9. Let’s add a mobile APP application interface, click Application Management

After filling in the information, click Add

10. Click on the newly added application, enter the click to edit application, and then let it be up to you. Select a switch, drag it out and put it in the appropriate position. Then click on the dragged switch icon and select the data stream selection on the right. The device you just created will automatically display the data flow information you just created. The following switch information can be used by default.

Then click the save button in the upper right corner, and then you can preview it, or you can download a mobile app and log in to your account to see the application you created!

11. The next step is to return to this interface and click View apikey in the box. This also needs to be written into the code source.

Next, we set up the WiFi module. Do not solder R1R3 on the circuit board first. Use the CH340TTL module to connect the lines (TTL-RXD is connected to R1 close to the WiFi module side, TTL-TXD is connected to R3 close to the WiFi module side). GND is connected to GND, and the TTL module Connect the 5v output to the 5v pin header on the board, open the software sscom v5.13.1 (the software can be searched on Baidu), select the serial port number, select 115200 for the baud rate, add a carriage return and a line feed and check the box

Plug in the USB, select the serial port number, open the serial port, enter AT at the bottom of the software, click Send, you should receive the OK character returned by the module, so the cable is connected. If there is no reply, please check whether the TXDRXD is connected reversely. Yes, the ESp8266 module uses 3.3v for power supply and is powered by the AMS1117 on the board.

After sending the AT test and OK, we can enter the command.

First, change the default baud rate to 4800; enter the command AT+UART=4800,8,1,0,0. After returning ok, you need to change the baud rate option to 4800 to use it, and then send AT to test whether it returns OK AT. //Test whether the module can communicate normally. Returning "ok" means it is normal.

AT+CWMODE=1//Configure to STA mode

AT+RST//restart to take effect

AT+CIFSR//Query device IP

AT+CWJAP="777","guaishou" //Connect to the hotspot on your mobile phone. "777" is the name of the hotspot, and "guaishou" is the password ( it is best not to have a Chinese name for the WiFi hotspot, because Chinese input is not supported )

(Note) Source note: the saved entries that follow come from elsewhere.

lemma successively_less_remdups_adj:
  fixes xs :: "'a::linorder list"
  assumes "sorted xs"
  shows "successively (<) (remdups_adj xs)"
proof -
  have "successively (\<le>) (remdups_adj xs)"
    using assms by (intro successively_remdups_adjI) (simp add: successively_if_sorted_wrt)
  moreover have "successively (\<noteq>) (remdups_adj xs)"
    using distinct_adj_remdups_adj unfolding distinct_adj_def .
  ultimately show ?thesis by (auto simp: successively_conv_nth order.strict_iff_order)
qed

fun pvar_list :: "real \<Rightarrow> (real \<Rightarrow> 'a::real_normed_vector) \<Rightarrow> real list \<Rightarrow> real" where
  "pvar_list p f (a # b # xs) = norm (f b - f a) powr p + pvar_list p f (b # xs)"
| "pvar_list p f _ = 0"

lemma pvar_list_append:
  "pvar_list p f (xs @ ys) = pvar_list p f xs + pvar_list p f ys +
     (if xs \<noteq> [] \<and> ys \<noteq> [] then norm (f (hd ys) - f (last xs)) powr p else 0)"
proof (induction xs rule: induct_list012)
  case (2 x)
  then show ?case by (cases ys) auto
qed simp_all

lemma pvar_list_conv_sum:
  "pvar_list p f xs = (\<Sum>j<length xs - 1. norm (f (xs ! Suc j) - f (xs ! j)) powr p)"
proof (induction xs rule: induct_list012)
  case (3 x y zs)
  have "(\<Sum>j<length (x # y # zs) - 1. norm (f ((x # y # zs) ! Suc j) - f ((x # y # zs) ! j)) powr p)
      = norm (f y - f x) powr p
        + (\<Sum>j<length (y # zs) - 1. norm (f ((y # zs) ! Suc j) - f ((y # zs) ! j)) powr p)"
    by (simp add: sum.lessThan_Suc_shift del: sum.lessThan_Suc)
  then show ?case using 3 by simp
qed simp_all

lemma pvar_list_map_upt:
  "pvar_list p f (map x [1..<Suc m]) = (\<Sum>j\<in>{1..<m}. norm (f (x (Suc j)) - f (x j)) powr p)"
proof (cases m)
  case (Suc k)
  then show ?thesis
    using sum_bounds_lt_plus1[of "\<lambda>j. norm (f (x (Suc j)) - f (x j)) powr p" k]
    unfolding pvar_list_conv_sum by (simp add: atLeastLessThanSuc_atLeastAtMost nth_map_upt del: upt_Suc)
qed simp

lemma pvar_list_remdups_adj: "pvar_list p f (remdups_adj xs) = pvar_list p f xs"
proof (induction xs rule: remdups_adj.induct)
  case (3 x y xs)
  show ?case
  proof (cases "x = y")
    case False
    then have "remdups_adj (x # y # xs) = x # y # tl (remdups_adj (y # xs))"
      by (metis remdups_adj.simps(3) remdups_adj_Cons_alt)
    then show ?thesis
      using "3.IH"(2)[OF False] by (metis pvar_list.simps(1) remdups_adj_Cons_alt)
  qed (use "3.IH"(1) in simp)
qed simp_all

lemma pvar_list_const: "set xs \<subseteq> {c} \<Longrightarrow> pvar_list p f xs = 0"
  by (induction p f xs rule: pvar_list.induct) auto

lemma pvar_sums_conv_pvar_list:
  "pvar_sums p f = {pvar_list p f Q | Q. successively (<) Q \<and> Q \<noteq> [] \<and> hd Q = 0 \<and> last Q = 1}"
proof (intro equalityI subsetI)
  fix s assume "s \<in> pvar_sums p f"
  then obtain t m where t: "partition01 t m"
    and s: "s = (\<Sum>j\<in>{1..m}. norm (f (t j) - f (t (j - 1))) powr p)"
    unfolding pvar_sums_def by blast
  define Q where "Q = map t [0..<Suc m]"
  have "successively (<) Q" "Q \<noteq> []" "hd Q = 0" "last Q = 1"
    using t unfolding Q_def partition01_def
    by (auto simp: successively_conv_nth hd_map last_map simp del: upt_Suc)
  moreover have "s = pvar_list p f Q"
    unfolding s pvar_list_conv_sum sum_bounds_lt_plus1[symmetric] by (simp add: Q_def del: upt_Suc)
  ultimately show "s \<in> {pvar_list p f Q | Q. successively (<) Q \<and> Q \<noteq> [] \<and> hd Q = 0 \<and> last Q = 1}"
    by blast
next
  fix s assume "s \<in> {pvar_list p f Q | Q. successively (<) Q \<and> Q \<noteq> [] \<and> hd Q = 0 \<and> last Q = 1}"
  then obtain Q where Q: "successively (<) Q" "Q \<noteq> []" "hd Q = 0" "last Q = 1"
    and s: "s = pvar_list p f Q" by blast
  have "partition01 (\<lambda>j. Q ! j) (length Q - 1)"
    using Q unfolding partition01_def by (auto simp: hd_conv_nth last_conv_nth successively_conv_nth)
  moreover have "s = (\<Sum>j\<in>{1..length Q - 1}. norm (f (Q ! j) - f (Q ! (j - 1))) powr p)"
    unfolding s pvar_list_conv_sum sum_bounds_lt_plus1[symmetric] by simp
  ultimately show "s \<in> pvar_sums p f" unfolding pvar_sums_def by blast
qed
(* Let $\mathcal F$ be the class of all functions $\mathbb R^p\to\mathbb R^d$ representable by binary trees of depth at most $D$ in which every internal node queries "$x_k\le\theta$?" for some coordinate $k$ and some threshold $\theta\in\{1/\ell,\dots,1-1/\ell\}$ (going left if true, right otherwise), and every leaf assigns an arbitrary output $v\in\mathbb R^d$. Suppose $f^*\in\mathcal F$, $X\in[0,1]^p$, and $X$ has a density bounded below by $\mu_{\min}>0$ on $[0,1]^p$. Then there exists $\kappa$ such that for all $f\in\mathcal F$ and almost all $x$, $$\|f(x)-f^*(x)\|^2\le\kappa\,\mathbb E_X\|f(X)-f^*(X)\|^2.$$
   Context: $X\in\mathbb R^p$ is a random vector, $Y\in\mathbb R^d$ with $\|Y\|\le1$, and $f^*(x)=\mathbb E[Y\mid X=x]$; $\mathbb E_X$ is expectation over $X$; $\ell\ge2$ and $D\ge1$ are fixed integers. *)

theory Defs
  imports "HOL-Probability.Probability"
begin

datatype ('p, 'v) dtree = Leaf 'v | Node 'p real "('p, 'v) dtree" "('p, 'v) dtree"

fun eval_tree :: "('p, 'v) dtree \<Rightarrow> real ^ 'p \<Rightarrow> 'v" where
  "eval_tree (Leaf v) x = v"
| "eval_tree (Node k \<theta> l r) x = (if x $ k \<le> \<theta> then eval_tree l x else eval_tree r x)"

fun depth :: "('p, 'v) dtree \<Rightarrow> nat" where
  "depth (Leaf v) = 0"
| "depth (Node k \<theta> l r) = Suc (max (depth l) (depth r))"

fun thresholds :: "('p, 'v) dtree \<Rightarrow> real set" where
  "thresholds (Leaf v) = {}"
| "thresholds (Node k \<theta> l r) = insert \<theta> (thresholds l \<union> thresholds r)"

definition grid :: "nat \<Rightarrow> real set" where
  "grid l = {real j / real l | j. 1 \<le> j \<and> j \<le> l - 1}"

definition tree_class :: "nat \<Rightarrow> nat \<Rightarrow> (real ^ 'p \<Rightarrow> real ^ 'd) set" where
  "tree_class l D = {eval_tree t | t :: ('p, real ^ 'd) dtree.
                       depth t \<le> D \<and> thresholds t \<subseteq> grid l}"

end

theory Submission
  imports Defs
begin

text \<open>Every point x of the unit cube has a grid cell of side 1/l (an open box of volume
  l^-p) all of whose points compare with every grid threshold exactly as x does, so both
  trees are constant on it and so is h = |f - f*|^2. Since the density of X is at least
  \<mu>min there, the cell carries probability at least \<mu>min l^-p, and Markov's inequality
  gives h x \<le> l^p / \<mu>min * E h(X) for every x in the cube, which is where X lives.\<close>

lemma measurable_eval_tree [measurable]:
  "eval_tree (t :: ('p::finite, 'v::topological_space) dtree) \<in> borel_measurable borel"
proof (induction t)
  case (Leaf v)
  then show ?case by simp
next
  case (Node k \<theta> l r)
  have "{x \<in> space (borel :: (real^'p) measure). x $ k \<le> \<theta>} \<in> sets borel"
    by measurable
  with Node show ?case by (simp add: measurable_If)
qed

lemma bounded_eval_tree:
  "bounded (range (eval_tree (t :: ('p::finite, 'v::real_normed_vector) dtree)))"
proof (induction t)
  case (Leaf v)
  then show ?case by simp
next
  case (Node k \<theta> l r)
  have "range (eval_tree (Node k \<theta> l r)) \<subseteq> range (eval_tree l) \<union> range (eval_tree r)"
    by auto
  with Node show ?case by (meson bounded_Un bounded_subset)
qed

lemma integrable_norm_diff_eval_tree_sq:
  fixes t s :: "('p::finite, 'v::{real_normed_vector, second_countable_topology}) dtree"
  assumes "finite_measure M" and "X \<in> borel_measurable M"
  shows "integrable M (\<lambda>\<omega>. (norm (eval_tree t (X \<omega>) - eval_tree s (X \<omega>)))\<^sup>2)"
proof -
  obtain B1 B2 where "\<And>x. norm (eval_tree t x) \<le> B1" "\<And>x. norm (eval_tree s x) \<le> B2"
    using bounded_eval_tree[of t] bounded_eval_tree[of s] by (auto simp: bounded_iff)
  then have "norm (eval_tree t x - eval_tree s x) \<le> B1 + B2" for x
    by (smt (verit) norm_triangle_ineq4)
  then have "\<bar>(norm (eval_tree t x - eval_tree s x))\<^sup>2\<bar> \<le> (B1 + B2)\<^sup>2" for x
    by (simp add: power_mono)
  with assms show ?thesis
    by (intro finite_measure.integrable_const_bound[where B = "(B1 + B2)\<^sup>2"]) auto
qed

definition threshold_equiv :: "real set \<Rightarrow> real ^ 'p \<Rightarrow> real ^ 'p \<Rightarrow> bool" where
  "threshold_equiv S x y \<longleftrightarrow> (\<forall>k. \<forall>\<theta>\<in>S. x $ k \<le> \<theta> \<longleftrightarrow> y $ k \<le> \<theta>)"

lemma eval_tree_eq_if_threshold_equiv:
  assumes "thresholds t \<subseteq> S" and "threshold_equiv S x y"
  shows "eval_tree t x = eval_tree t y"
  using assms by (induction t) (auto simp: threshold_equiv_def)

definition grid_cell :: "nat \<Rightarrow> ('p \<Rightarrow> nat) \<Rightarrow> (real ^ 'p) set" where
  "grid_cell l J = box (\<chi> k. real (J k) / real l) (\<chi> k. real (J k + 1) / real l)"

lemma grid_cell_subset_unit_cube:
  assumes "\<And>k. J k < l"
  shows "grid_cell l J \<subseteq> cbox 0 1"
proof
  fix y assume y: "y \<in> grid_cell l J"
  have "0 \<le> y $ k \<and> y $ k \<le> 1" for k
  proof -
    have "real (J k) / real l < y $ k" "y $ k < real (J k + 1) / real l"
      using y by (auto simp: grid_cell_def mem_box_cart)
    moreover have "real (J k + 1) / real l \<le> 1"
      using assms[of k] by (simp add: field_simps)
    ultimately show ?thesis by (smt (verit) divide_nonneg_nonneg of_nat_0_le_iff)
  qed
  then show "y \<in> cbox 0 1" by (simp add: mem_box_cart)
qed

lemma emeasure_grid_cell:
  assumes "l > 0"
  shows "emeasure lborel (grid_cell l J :: (real ^ 'p::finite) set) = ennreal ((1 / real l) ^ CARD('p))"
proof -
  define a b :: "real ^ 'p" where "a = (\<chi> k. real (J k) / real l)" and "b = (\<chi> k. real (J k + 1) / real l)"
  have "\<And>e. e \<in> Basis \<Longrightarrow> a \<bullet> e \<le> b \<bullet> e"
    unfolding a_def b_def by (auto simp: Basis_vec_def inner_axis divide_right_mono)
  then have "emeasure lborel (grid_cell l J) = ennreal (\<Prod>e\<in>Basis. (b - a) \<bullet> e)"
    unfolding grid_cell_def a_def b_def by simp
  also have "(\<Prod>e\<in>Basis. (b - a) \<bullet> e) = (\<Prod>e\<in>(Basis :: (real ^ 'p) set). 1 / real l)"
    by (rule prod.cong) (auto simp: Basis_vec_def inner_axis a_def b_def diff_divide_distrib[symmetric])
  finally show ?thesis by simp
qed

lemma grid_interval_threshold_equiv:
  fixes r :: real
  assumes "0 \<le> r" "r \<le> 1" "l \<ge> 1"
  obtains j :: nat where "j < l"
    and "\<And>s \<theta>. real j / real l < s \<Longrightarrow> s < real (j + 1) / real l \<Longrightarrow> \<theta> \<in> grid l
           \<Longrightarrow> r \<le> \<theta> \<longleftrightarrow> s \<le> \<theta>"
proof
  define c where "c = \<lceil>real l * r\<rceil>"
  define j where "j = nat (max 1 c) - 1"
  have "c \<le> int l"
    using assms unfolding c_def by (metis ceiling_mono ceiling_of_nat mult_left_le of_nat_0_le_iff)
  then show "j < l"
    using assms unfolding j_def by linarith
  fix s \<theta>
  assume s: "real j / real l < s" "s < real (j + 1) / real l" and "\<theta> \<in> grid l"
  then obtain i :: nat where i: "1 \<le> i" "\<theta> = real i / real l"
    unfolding grid_def by auto
  \<comment> \<open>\<open>max 1\<close> puts r = 0 into the first cell; harmless, as grid thresholds have \<open>i \<ge> 1\<close>.\<close>
  have "r \<le> \<theta> \<longleftrightarrow> real l * r \<le> real i"
    using assms(3) i(2) by (simp add: pos_le_divide_eq mult.commute)
  also have "\<dots> \<longleftrightarrow> c \<le> int i"
    unfolding c_def by (metis ceiling_le_iff of_int_of_nat_eq)
  also have "\<dots> \<longleftrightarrow> j + 1 \<le> i"
    using i(1) unfolding j_def by linarith
  also have "\<dots> \<longleftrightarrow> s \<le> \<theta>"
  proof
    assume "j + 1 \<le> i"
    then have "real (j + 1) / real l \<le> real i / real l"
      by (simp add: divide_right_mono)
    then show "s \<le> \<theta>" using s i by simp
  next
    assume "s \<le> \<theta>"
    then have "real j / real l < real i / real l" using s i by simp
    then show "j + 1 \<le> i" by (auto simp: divide_less_cancel)
  qed
  finally show "r \<le> \<theta> \<longleftrightarrow> s \<le> \<theta>" .
qed

lemma unit_cube_grid_cell_threshold_equiv:
  fixes x :: "real ^ 'p"
  assumes "x \<in> cbox 0 1" and "l \<ge> 1"
  obtains J where "\<And>k. J k < l" and "\<And>y. y \<in> grid_cell l J \<Longrightarrow> threshold_equiv (grid l) x y"
proof -
  have "\<forall>k. \<exists>j. j < l \<and> (\<forall>s \<theta>. real j / real l < s \<longrightarrow> s < real (j + 1) / real l
                             \<longrightarrow> \<theta> \<in> grid l \<longrightarrow> (x $ k \<le> \<theta> \<longleftrightarrow> s \<le> \<theta>))"
  proof
    fix k
    have "0 \<le> x $ k" "x $ k \<le> 1"
      using assms(1) by (auto simp: mem_box_cart)
    then show "\<exists>j. j < l \<and> (\<forall>s \<theta>. real j / real l < s \<longrightarrow> s < real (j + 1) / real l
                             \<longrightarrow> \<theta> \<in> grid l \<longrightarrow> (x $ k \<le> \<theta> \<longleftrightarrow> s \<le> \<theta>))"
      using assms(2) by (metis grid_interval_threshold_equiv)
  qed
  then obtain J where J: "\<And>k. J k < l"
    and coord: "\<And>k s \<theta>. real (J k) / real l < s \<Longrightarrow> s < real (J k + 1) / real l
                 \<Longrightarrow> \<theta> \<in> grid l \<Longrightarrow> (x $ k \<le> \<theta> \<longleftrightarrow> s \<le> \<theta>)"
    by metis
  show ?thesis
  proof (rule that[OF J])
    fix y assume "y \<in> grid_cell l J"
    then have "real (J k) / real l < y $ k" "y $ k < real (J k + 1) / real l" for k
      by (auto simp: grid_cell_def mem_box_cart)
    with coord show "threshold_equiv (grid l) x y"
      unfolding threshold_equiv_def by blast
  qed
qed

lemma (in finite_measure) markov_on_set:
  assumes "X \<in> borel_measurable M" and "B \<in> sets borel"
    and "integrable M (\<lambda>\<omega>. h (X \<omega>))" and "\<And>y. 0 \<le> h y" and "\<And>y. y \<in> B \<Longrightarrow> c \<le> h y"
    and "0 \<le> c"
  shows "c * measure M (X -` B \<inter> space M) \<le> (\<integral>\<omega>. h (X \<omega>) \<partial>M)"
proof -
  have "c * measure M (X -` B \<inter> space M) = (\<integral>\<omega>. c * indicator (X -` B \<inter> space M) \<omega> \<partial>M)"
    by simp
  also have "\<dots> \<le> (\<integral>\<omega>. h (X \<omega>) \<partial>M)"
    using assms by (intro integral_mono integrable_mult_right integrable_real_indicator)
      (auto simp: less_top[symmetric] emeasure_finite split: split_indicator)
  finally show ?thesis .
qed

lemma emeasure_ge_density_lower_bound:
  assumes "distributed M lborel X g" and "B \<in> sets borel" and "\<And>y. y \<in> B \<Longrightarrow> c \<le> g y"
  shows "c * emeasure lborel B \<le> emeasure M (X -` B \<inter> space M)"
proof -
  have "c * emeasure lborel B = (\<integral>\<^sup>+ y. c * indicator B y \<partial>lborel)"
    using assms(2) by (simp add: nn_integral_cmult_indicator)
  also have "\<dots> \<le> (\<integral>\<^sup>+ y. g y * indicator B y \<partial>lborel)"
    using assms(3) by (intro nn_integral_mono) (auto split: split_indicator)
  also have "\<dots> = emeasure (distr M lborel X) B"
    using assms distributed_borel_measurable[OF assms(1)]
    by (simp add: distributed_distr_eq_density emeasure_density)
  also have "\<dots> = emeasure M (X -` B \<inter> space M)"
    using assms distributed_measurable[OF assms(1)] by (simp add: emeasure_distr)
  finally show ?thesis .
qed

lemma (in prob_space) grid_invariant_le_expectation:
  fixes X :: "'a \<Rightarrow> real ^ 'p::finite" and h :: "real ^ 'p \<Rightarrow> real"
  assumes "distributed M lborel X g" and "\<mu>min > 0" and "\<And>x. x \<in> cbox 0 1 \<Longrightarrow> \<mu>min \<le> g x"
    and "l \<ge> 1" and "integrable M (\<lambda>\<omega>. h (X \<omega>))" and "\<And>y. 0 \<le> h y"
    and "\<And>x y. threshold_equiv (grid l) x y \<Longrightarrow> h x = h y"
    and "x \<in> cbox 0 1"
  shows "h x \<le> real l ^ CARD('p) / \<mu>min * (\<integral>\<omega>. h (X \<omega>) \<partial>M)"
proof -
  obtain J where J: "\<And>k. J k < l" and equiv: "\<And>y. y \<in> grid_cell l J \<Longrightarrow> threshold_equiv (grid l) x y"
    using unit_cube_grid_cell_threshold_equiv[OF assms(8,4)] by blast
  let ?B = "grid_cell l J :: (real ^ 'p) set"
  have "ennreal \<mu>min * emeasure lborel ?B \<le> emeasure M (X -` ?B \<inter> space M)"
    using grid_cell_subset_unit_cube[of J, OF J] assms(3)
    by (intro emeasure_ge_density_lower_bound[OF assms(1)]) (auto simp: grid_cell_def)
  then have "ennreal (\<mu>min * (1 / real l) ^ CARD('p)) \<le> emeasure M (X -` ?B \<inter> space M)"
    using emeasure_grid_cell[of l J] assms(2,4) by (simp add: ennreal_mult)
  then have prob: "\<mu>min * (1 / real l) ^ CARD('p) \<le> prob (X -` ?B \<inter> space M)"
    by (simp add: emeasure_eq_measure ennreal_le_iff)
  have X: "X \<in> borel_measurable M"
    using distributed_measurable[OF assms(1)] by simp
  have h_on_cell: "h x \<le> h y" if "y \<in> ?B" for y
    using equiv[OF that] assms(7) by simp
  have "h x * (\<mu>min * (1 / real l) ^ CARD('p)) \<le> h x * prob (X -` ?B \<inter> space M)"
    using prob assms(6) by (rule mult_left_mono)
  also have "\<dots> \<le> (\<integral>\<omega>. h (X \<omega>) \<partial>M)"
    using markov_on_set[OF X _ assms(5,6) h_on_cell] assms(6)
    by (simp add: grid_cell_def)
  finally show ?thesis
    using assms(2,4) by (simp add: field_simps power_divide)
qed

theorem proposition2:
  fixes M :: "'a measure"
    and X :: "'a \<Rightarrow> real ^ 'p"
    and Y :: "'a \<Rightarrow> real ^ 'd"
    and fstar :: "real ^ 'p \<Rightarrow> real ^ 'd"
    and g :: "real ^ 'p \<Rightarrow> ennreal"
    and l D :: nat
    and \<mu>min :: real
  assumes "prob_space M"
    and "l \<ge> 2" and "D \<ge> 1"
    and "X \<in> borel_measurable M" and "Y \<in> borel_measurable M"
    and "\<forall>\<omega>\<in>space M. norm (Y \<omega>) \<le> 1"
    and "\<forall>i. AE \<omega> in M. fstar (X \<omega>) $ i
             = real_cond_exp M (vimage_algebra (space M) X borel) (\<lambda>\<omega>. Y \<omega> $ i) \<omega>"
    and "fstar \<in> tree_class l D"
    and "\<forall>\<omega>\<in>space M. X \<omega> \<in> cbox 0 1"
    and "distributed M lborel X g"
    and "\<mu>min > 0"
    and "\<forall>x\<in>cbox 0 1. g x \<ge> ennreal \<mu>min"
  shows "\<exists>\<kappa>::real. \<forall>f\<in>tree_class l D.
           AE x in distr M borel X.
             (norm (f x - fstar x))\<^sup>2
               \<le> \<kappa> * (\<integral>\<omega>. (norm (f (X \<omega>) - fstar (X \<omega>)))\<^sup>2 \<partial>M)"
proof (intro exI ballI)
  interpret prob_space M by fact
  fix f :: "real ^ 'p \<Rightarrow> real ^ 'd"
  assume "f \<in> tree_class l D"
  then obtain t where t: "f = eval_tree t" "thresholds t \<subseteq> grid l"
    unfolding tree_class_def by auto
  obtain s where s: "fstar = eval_tree s" "thresholds s \<subseteq> grid l"
    using assms(8) unfolding tree_class_def by auto
  have "AE x in distr M borel X. x \<in> cbox 0 1"
    using assms(4,9) by (subst AE_distr_iff) auto
  then show "AE x in distr M borel X. (norm (f x - fstar x))\<^sup>2
               \<le> real l ^ CARD('p) / \<mu>min * (\<integral>\<omega>. (norm (f (X \<omega>) - fstar (X \<omega>)))\<^sup>2 \<partial>M)"
  proof eventually_elim
    case (elim x)
    show ?case
      unfolding t s using assms(2,4,10-12) elim
      by (intro grid_invariant_le_expectation integrable_norm_diff_eval_tree_sq)
        (auto simp: finite_measure_axioms eval_tree_eq_if_threshold_equiv[OF t(2)]
          eval_tree_eq_if_threshold_equiv[OF s(2)])
  qed
qed

end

After entering WiFi, a prompt like this will appear

This means that the setting is successful and normal. Then remove the TTL cable and plug it into the H3 pin header to prepare for downloading the program for the microcontroller. Here you need to download keil4 first, create the project and copy the code source (the specific process will not be written) in the code source. Modify the device ID, apikey, and data stream to compile and download.

Download method, open STC-ISP

Step 3: Select the compiled hex, click download, disconnect the 5v power supply to the microcontroller and power on again. After a while, it will prompt that the program download is successful. After success, weld the jumper to test whether it is normal.

After connecting in this way, remove the serial port cable and supply 12v DC to the board. When you click the switch on the mobile phone, you will generally hear the sound of the relay closing.

At present, I have only debugged one relay.

2020-8-21

The new 5v power module I bought today has arrived, but the printed board is still being processed in the factory. Maybe the new version cannot be uploaded. Please take a look at the power module.

There is also a blueprint for a new version of the design

The latest version adopts the original double-sided design to reduce the overall size of the board and can be used directly connected to the mains power supply! It is very convenient to control electrical appliances.